PROBLEM DESCRIPTION: Bring together every line in the data that includes "subseteq".

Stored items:
★ ★ ★
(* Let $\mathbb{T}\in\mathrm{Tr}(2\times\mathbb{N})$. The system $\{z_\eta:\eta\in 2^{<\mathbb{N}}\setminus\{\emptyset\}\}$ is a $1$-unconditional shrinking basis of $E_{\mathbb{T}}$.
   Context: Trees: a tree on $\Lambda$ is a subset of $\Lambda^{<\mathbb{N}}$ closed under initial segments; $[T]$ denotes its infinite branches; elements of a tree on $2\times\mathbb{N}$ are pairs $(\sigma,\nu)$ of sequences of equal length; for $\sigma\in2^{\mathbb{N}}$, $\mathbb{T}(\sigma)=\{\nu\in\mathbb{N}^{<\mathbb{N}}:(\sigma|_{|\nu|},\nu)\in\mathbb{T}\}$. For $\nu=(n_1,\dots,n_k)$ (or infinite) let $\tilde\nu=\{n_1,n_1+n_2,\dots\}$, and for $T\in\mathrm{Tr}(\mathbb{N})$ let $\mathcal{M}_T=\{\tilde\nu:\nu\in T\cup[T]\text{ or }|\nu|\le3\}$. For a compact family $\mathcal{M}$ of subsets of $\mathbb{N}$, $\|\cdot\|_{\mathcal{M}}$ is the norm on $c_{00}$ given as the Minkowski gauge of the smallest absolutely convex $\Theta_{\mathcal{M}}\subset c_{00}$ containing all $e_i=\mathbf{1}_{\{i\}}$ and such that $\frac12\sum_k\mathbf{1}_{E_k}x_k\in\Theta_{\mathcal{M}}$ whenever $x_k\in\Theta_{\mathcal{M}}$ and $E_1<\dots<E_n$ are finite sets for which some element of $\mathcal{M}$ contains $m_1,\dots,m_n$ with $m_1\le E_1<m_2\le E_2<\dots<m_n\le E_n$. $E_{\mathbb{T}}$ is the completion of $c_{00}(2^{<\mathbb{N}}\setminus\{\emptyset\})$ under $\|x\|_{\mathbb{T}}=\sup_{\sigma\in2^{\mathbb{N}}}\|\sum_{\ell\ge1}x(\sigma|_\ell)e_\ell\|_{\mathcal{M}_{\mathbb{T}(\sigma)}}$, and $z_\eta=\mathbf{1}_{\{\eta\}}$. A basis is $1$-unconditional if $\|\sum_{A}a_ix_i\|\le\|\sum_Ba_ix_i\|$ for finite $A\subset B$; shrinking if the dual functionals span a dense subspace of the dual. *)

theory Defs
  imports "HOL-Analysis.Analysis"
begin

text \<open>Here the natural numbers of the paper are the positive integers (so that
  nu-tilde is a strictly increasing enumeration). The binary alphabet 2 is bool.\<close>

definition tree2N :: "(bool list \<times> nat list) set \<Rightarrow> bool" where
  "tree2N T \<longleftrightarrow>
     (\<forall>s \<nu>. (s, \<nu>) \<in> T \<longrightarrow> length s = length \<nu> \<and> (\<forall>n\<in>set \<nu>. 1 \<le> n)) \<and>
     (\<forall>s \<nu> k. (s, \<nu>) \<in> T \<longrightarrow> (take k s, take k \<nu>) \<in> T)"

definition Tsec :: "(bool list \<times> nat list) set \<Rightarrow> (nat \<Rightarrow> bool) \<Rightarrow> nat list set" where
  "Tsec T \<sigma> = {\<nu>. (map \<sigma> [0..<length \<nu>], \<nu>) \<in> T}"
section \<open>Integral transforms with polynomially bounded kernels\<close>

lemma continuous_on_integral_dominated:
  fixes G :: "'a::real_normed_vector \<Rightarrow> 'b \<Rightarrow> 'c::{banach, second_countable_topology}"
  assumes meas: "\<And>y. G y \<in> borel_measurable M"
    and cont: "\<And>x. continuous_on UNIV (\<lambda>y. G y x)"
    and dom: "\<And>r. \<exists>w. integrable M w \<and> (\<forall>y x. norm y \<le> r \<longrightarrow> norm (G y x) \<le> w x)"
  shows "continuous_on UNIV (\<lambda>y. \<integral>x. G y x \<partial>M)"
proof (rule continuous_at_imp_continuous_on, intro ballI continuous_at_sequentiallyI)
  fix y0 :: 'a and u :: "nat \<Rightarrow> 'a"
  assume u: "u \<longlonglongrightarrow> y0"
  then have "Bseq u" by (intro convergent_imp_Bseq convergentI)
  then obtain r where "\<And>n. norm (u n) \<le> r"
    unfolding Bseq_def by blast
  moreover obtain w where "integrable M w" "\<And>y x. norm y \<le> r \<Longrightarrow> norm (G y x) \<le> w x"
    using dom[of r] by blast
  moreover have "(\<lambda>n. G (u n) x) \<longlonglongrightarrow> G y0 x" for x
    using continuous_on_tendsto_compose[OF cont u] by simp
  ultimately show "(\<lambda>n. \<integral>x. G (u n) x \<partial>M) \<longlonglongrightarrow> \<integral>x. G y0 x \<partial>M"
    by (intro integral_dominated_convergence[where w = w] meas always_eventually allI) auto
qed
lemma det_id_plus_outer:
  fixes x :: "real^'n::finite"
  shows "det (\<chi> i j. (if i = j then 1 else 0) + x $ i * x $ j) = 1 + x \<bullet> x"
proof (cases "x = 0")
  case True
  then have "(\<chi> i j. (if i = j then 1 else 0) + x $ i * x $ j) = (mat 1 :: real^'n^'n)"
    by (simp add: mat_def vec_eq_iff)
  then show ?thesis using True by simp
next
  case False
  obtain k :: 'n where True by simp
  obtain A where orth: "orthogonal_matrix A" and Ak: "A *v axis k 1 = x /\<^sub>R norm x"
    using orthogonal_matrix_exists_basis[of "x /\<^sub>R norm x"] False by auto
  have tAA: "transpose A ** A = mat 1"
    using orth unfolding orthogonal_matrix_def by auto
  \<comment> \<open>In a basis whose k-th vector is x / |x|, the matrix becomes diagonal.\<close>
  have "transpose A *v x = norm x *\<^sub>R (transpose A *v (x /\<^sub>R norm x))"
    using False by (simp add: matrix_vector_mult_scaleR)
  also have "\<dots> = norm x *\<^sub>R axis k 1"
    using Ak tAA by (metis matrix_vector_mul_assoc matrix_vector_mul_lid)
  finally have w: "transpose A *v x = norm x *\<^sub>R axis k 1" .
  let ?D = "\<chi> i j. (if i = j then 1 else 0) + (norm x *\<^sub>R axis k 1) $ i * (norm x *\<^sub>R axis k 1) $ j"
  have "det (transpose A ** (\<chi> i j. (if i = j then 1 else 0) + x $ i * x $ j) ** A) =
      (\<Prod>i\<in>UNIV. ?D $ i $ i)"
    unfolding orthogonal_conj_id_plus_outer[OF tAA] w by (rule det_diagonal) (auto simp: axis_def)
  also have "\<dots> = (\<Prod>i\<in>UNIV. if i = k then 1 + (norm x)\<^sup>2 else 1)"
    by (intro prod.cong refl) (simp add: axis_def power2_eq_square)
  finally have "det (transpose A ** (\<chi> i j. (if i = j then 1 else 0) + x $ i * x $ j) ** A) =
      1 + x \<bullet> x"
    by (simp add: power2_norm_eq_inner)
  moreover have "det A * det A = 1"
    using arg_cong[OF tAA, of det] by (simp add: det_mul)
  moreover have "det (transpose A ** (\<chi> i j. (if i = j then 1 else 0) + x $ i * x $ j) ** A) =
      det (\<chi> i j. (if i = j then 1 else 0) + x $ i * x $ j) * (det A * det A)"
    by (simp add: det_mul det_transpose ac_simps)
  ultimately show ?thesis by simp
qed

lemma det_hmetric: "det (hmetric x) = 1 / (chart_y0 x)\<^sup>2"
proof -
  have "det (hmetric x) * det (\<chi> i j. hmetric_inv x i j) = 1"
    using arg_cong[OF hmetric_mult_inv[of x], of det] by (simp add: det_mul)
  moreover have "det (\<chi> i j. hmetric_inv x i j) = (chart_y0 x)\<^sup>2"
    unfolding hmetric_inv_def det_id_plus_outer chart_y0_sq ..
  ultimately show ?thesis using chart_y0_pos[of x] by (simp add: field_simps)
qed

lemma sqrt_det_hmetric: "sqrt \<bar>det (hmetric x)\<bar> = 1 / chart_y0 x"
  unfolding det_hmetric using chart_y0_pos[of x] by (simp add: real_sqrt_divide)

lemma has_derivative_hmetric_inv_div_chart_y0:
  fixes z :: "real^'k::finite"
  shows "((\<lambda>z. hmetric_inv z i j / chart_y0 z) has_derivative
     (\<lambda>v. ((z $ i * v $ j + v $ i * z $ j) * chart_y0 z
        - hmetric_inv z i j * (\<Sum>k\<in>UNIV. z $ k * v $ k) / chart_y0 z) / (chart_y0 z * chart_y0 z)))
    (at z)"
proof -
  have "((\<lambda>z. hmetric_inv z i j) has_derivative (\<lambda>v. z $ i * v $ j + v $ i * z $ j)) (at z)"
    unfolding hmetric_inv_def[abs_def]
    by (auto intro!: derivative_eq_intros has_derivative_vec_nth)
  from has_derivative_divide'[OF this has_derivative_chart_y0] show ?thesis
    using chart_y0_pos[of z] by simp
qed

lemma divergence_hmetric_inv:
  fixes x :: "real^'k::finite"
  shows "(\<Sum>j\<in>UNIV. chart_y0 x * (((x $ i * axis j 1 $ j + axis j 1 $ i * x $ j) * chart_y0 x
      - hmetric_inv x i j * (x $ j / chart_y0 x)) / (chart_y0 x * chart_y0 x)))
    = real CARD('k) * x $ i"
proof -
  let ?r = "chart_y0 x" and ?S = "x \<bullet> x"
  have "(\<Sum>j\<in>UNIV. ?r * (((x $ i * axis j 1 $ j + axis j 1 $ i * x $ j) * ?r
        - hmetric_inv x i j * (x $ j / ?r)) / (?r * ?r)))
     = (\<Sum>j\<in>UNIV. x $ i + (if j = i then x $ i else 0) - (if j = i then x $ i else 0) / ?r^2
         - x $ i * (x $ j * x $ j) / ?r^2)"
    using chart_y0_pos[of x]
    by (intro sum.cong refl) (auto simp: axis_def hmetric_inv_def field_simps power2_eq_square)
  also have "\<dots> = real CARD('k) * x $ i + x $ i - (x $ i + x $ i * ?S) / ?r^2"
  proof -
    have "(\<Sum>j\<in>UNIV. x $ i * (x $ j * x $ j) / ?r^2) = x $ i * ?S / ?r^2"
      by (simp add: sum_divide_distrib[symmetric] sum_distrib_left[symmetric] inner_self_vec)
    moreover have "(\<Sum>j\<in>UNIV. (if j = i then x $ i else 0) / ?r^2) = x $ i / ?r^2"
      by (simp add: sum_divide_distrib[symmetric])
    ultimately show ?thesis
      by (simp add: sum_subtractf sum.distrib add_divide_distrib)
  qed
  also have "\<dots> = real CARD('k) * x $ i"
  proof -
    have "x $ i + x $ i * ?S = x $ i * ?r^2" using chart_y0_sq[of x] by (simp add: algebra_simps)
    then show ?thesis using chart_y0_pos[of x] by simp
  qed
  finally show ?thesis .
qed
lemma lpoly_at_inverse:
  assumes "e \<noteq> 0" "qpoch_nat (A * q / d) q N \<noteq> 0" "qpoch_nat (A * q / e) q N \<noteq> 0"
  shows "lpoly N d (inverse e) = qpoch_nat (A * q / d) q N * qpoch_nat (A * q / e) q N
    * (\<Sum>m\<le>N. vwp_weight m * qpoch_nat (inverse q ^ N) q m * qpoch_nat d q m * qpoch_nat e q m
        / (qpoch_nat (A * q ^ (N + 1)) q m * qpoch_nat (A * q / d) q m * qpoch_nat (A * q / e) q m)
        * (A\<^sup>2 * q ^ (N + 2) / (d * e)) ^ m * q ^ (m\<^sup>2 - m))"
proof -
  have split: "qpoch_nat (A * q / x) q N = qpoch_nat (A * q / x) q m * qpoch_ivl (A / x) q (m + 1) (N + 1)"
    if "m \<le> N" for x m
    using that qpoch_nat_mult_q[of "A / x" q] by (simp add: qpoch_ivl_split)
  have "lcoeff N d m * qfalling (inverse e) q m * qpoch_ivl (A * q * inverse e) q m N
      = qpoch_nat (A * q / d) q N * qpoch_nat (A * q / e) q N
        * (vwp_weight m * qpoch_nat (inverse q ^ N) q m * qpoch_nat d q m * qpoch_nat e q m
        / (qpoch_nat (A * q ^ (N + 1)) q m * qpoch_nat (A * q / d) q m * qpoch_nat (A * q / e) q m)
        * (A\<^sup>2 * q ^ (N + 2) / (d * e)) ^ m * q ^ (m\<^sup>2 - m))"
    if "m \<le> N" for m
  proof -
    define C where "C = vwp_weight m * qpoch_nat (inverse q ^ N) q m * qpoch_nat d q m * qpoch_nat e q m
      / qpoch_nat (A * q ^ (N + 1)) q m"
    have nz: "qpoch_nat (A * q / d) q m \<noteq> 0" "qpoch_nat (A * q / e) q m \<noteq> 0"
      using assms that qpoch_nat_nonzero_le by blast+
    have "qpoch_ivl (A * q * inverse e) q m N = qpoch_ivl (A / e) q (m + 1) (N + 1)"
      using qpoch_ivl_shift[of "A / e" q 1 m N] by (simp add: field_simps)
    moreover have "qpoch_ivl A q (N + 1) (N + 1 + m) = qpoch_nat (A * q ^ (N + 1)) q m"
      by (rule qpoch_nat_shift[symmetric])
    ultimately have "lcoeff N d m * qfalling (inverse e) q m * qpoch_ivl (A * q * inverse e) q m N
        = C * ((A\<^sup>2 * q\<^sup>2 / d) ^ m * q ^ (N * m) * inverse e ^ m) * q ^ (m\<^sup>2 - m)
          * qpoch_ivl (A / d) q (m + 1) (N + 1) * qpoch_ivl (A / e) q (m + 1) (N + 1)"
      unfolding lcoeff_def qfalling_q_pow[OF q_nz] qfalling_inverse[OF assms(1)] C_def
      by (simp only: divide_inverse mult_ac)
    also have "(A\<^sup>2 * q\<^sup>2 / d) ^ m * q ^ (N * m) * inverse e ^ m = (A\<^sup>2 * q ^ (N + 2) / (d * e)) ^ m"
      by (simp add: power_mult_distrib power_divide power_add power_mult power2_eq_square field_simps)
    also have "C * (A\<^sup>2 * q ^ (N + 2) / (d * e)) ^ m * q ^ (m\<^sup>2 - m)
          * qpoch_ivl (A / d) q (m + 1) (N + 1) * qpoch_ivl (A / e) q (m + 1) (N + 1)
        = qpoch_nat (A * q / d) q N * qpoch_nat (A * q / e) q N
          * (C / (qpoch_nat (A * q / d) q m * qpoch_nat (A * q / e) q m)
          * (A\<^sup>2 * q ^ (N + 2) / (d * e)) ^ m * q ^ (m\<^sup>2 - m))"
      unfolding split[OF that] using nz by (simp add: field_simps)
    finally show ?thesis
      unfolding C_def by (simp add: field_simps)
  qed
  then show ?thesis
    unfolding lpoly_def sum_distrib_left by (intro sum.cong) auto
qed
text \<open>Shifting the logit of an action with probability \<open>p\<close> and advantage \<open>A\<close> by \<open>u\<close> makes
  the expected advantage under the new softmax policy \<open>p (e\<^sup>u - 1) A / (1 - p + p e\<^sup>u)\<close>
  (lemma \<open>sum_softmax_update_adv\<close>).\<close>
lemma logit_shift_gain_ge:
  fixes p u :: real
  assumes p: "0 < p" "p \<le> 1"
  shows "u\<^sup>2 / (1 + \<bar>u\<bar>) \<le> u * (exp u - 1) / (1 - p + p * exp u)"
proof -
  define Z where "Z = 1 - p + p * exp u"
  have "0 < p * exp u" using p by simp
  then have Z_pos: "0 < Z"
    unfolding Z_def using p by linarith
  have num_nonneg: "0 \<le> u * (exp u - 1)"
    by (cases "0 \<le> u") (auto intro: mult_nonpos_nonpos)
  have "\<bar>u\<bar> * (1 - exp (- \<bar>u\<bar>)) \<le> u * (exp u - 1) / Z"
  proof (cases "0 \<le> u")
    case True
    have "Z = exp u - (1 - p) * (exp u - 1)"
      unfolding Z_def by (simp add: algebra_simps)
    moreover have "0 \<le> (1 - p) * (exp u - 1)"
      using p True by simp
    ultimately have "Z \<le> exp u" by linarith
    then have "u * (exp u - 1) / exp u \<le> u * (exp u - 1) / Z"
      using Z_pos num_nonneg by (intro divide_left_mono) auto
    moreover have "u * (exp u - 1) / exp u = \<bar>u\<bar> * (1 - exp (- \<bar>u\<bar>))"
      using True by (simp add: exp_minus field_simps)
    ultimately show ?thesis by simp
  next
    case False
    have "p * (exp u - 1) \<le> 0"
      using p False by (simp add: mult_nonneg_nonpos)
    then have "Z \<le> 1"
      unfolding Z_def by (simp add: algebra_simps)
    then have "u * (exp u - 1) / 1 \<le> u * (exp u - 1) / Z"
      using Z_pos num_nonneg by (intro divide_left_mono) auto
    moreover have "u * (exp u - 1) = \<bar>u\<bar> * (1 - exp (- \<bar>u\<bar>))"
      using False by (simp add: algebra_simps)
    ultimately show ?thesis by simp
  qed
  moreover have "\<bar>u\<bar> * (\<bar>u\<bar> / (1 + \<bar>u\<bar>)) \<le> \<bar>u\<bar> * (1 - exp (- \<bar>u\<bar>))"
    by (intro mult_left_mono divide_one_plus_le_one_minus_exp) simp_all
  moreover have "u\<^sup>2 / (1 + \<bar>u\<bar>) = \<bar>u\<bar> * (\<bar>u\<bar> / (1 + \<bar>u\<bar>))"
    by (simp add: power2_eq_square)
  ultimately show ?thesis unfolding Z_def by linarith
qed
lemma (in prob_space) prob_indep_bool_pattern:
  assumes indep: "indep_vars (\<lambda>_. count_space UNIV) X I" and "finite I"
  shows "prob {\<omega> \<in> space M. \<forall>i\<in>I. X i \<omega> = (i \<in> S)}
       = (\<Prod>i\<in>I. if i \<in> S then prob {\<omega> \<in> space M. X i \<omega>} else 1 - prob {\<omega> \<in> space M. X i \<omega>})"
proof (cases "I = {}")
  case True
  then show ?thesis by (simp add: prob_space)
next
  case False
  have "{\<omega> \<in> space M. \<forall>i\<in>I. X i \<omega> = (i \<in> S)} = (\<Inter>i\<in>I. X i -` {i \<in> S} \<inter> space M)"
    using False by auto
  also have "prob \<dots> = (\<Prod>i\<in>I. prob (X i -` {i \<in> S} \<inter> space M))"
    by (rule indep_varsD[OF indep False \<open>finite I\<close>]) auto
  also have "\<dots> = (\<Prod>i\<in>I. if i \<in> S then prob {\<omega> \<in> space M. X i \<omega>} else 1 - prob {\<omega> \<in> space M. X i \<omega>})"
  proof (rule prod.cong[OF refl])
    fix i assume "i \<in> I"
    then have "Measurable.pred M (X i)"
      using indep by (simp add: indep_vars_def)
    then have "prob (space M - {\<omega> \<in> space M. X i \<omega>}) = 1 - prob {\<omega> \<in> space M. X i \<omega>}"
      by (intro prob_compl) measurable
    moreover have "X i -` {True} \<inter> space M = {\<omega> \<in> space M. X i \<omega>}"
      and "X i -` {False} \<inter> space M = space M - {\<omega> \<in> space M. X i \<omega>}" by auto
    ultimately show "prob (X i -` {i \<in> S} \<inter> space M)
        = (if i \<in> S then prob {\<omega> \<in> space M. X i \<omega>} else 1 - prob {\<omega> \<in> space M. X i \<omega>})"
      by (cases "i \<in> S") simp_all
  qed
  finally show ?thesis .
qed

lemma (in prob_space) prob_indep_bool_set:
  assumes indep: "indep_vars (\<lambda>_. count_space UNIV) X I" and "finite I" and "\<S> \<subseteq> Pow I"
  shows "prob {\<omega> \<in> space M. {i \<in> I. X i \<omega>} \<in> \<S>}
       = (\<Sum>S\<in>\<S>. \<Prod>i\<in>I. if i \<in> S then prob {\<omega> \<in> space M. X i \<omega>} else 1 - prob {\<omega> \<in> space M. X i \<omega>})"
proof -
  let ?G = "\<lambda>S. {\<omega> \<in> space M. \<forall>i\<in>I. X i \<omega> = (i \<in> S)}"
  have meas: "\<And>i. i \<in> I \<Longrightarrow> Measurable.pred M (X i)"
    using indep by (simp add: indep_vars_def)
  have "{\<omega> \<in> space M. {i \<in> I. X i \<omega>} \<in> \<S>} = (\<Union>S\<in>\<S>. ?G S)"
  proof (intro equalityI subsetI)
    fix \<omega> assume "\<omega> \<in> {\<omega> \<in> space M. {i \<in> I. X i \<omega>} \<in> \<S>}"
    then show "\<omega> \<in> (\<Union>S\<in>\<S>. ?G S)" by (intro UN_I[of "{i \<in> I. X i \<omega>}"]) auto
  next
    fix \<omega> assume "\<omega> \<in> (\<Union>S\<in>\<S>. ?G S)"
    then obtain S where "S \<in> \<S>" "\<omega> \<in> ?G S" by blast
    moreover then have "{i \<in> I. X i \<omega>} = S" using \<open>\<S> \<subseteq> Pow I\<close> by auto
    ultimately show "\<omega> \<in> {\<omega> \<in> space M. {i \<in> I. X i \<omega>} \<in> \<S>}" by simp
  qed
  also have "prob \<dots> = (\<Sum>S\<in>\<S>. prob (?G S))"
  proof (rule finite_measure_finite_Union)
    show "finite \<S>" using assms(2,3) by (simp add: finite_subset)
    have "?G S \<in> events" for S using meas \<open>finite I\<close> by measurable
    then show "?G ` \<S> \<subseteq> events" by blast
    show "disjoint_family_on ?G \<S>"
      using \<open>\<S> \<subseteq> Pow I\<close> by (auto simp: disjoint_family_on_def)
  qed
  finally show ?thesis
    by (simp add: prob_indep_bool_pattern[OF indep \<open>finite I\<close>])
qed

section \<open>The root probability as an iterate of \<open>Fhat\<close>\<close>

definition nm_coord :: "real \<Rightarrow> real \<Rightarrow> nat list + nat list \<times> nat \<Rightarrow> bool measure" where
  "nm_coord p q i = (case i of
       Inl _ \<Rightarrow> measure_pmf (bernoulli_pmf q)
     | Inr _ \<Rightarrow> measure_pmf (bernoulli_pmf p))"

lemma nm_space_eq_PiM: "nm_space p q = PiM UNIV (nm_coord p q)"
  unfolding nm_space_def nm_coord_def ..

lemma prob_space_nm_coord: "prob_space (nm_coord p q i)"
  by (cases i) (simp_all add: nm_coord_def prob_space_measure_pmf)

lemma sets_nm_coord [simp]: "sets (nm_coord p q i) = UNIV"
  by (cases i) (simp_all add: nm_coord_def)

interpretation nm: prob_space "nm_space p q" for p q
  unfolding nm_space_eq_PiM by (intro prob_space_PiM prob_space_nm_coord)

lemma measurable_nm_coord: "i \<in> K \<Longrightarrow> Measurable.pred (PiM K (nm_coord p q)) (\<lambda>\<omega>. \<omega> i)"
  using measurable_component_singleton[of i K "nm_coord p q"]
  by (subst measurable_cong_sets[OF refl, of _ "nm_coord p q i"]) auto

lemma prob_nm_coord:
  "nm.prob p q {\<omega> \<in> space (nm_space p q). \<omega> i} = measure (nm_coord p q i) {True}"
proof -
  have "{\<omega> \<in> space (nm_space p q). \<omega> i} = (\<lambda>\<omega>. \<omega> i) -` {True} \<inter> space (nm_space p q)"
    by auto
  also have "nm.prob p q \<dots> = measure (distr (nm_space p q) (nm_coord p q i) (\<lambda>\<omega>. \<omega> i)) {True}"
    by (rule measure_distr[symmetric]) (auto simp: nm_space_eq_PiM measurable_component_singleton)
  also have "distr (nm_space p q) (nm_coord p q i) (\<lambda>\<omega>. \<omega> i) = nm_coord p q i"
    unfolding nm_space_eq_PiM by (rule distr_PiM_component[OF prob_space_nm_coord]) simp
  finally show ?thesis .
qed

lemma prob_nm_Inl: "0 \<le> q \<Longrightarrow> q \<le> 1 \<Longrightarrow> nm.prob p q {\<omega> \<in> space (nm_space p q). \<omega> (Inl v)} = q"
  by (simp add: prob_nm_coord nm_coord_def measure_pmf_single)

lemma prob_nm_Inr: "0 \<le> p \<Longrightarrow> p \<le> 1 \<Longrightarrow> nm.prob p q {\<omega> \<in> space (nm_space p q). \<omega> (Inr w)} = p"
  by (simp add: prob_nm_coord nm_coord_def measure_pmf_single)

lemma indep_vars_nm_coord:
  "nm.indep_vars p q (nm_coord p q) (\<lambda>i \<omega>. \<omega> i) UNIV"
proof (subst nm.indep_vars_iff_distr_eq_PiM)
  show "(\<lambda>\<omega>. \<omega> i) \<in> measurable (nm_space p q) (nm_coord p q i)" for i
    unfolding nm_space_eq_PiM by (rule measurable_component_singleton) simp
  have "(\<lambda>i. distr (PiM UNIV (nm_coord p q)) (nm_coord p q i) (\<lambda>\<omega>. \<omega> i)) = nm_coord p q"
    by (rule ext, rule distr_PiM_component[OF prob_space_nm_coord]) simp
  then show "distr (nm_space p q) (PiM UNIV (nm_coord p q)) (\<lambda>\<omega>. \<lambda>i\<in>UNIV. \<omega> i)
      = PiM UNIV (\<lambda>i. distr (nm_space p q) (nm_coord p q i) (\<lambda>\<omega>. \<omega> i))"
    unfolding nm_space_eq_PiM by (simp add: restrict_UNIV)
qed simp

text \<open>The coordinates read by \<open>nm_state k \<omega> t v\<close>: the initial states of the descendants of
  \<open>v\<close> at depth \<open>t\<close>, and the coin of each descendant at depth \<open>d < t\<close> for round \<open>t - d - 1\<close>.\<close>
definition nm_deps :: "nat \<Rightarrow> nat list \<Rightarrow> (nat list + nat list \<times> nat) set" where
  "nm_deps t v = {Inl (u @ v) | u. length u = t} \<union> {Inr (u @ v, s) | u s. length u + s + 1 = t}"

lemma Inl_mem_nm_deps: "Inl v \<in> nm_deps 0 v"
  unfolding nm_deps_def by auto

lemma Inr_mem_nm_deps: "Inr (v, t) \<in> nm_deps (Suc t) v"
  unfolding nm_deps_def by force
★ ★ ★
TASK ANSWER:
  assumes indep: "indep_vars (\<lambda>_. count_space UNIV) X I" and "finite I" and "\<S> \<subseteq> Pow I"
    moreover then have "{i \<in> I. X i \<omega>} = S" using \<open>\<S> \<subseteq> Pow I\<close> by auto
    then show "?G ` \<S> \<subseteq> events" by blast
      using \<open>\<S> \<subseteq> Pow I\<close> by (auto simp: disjoint_family_on_def)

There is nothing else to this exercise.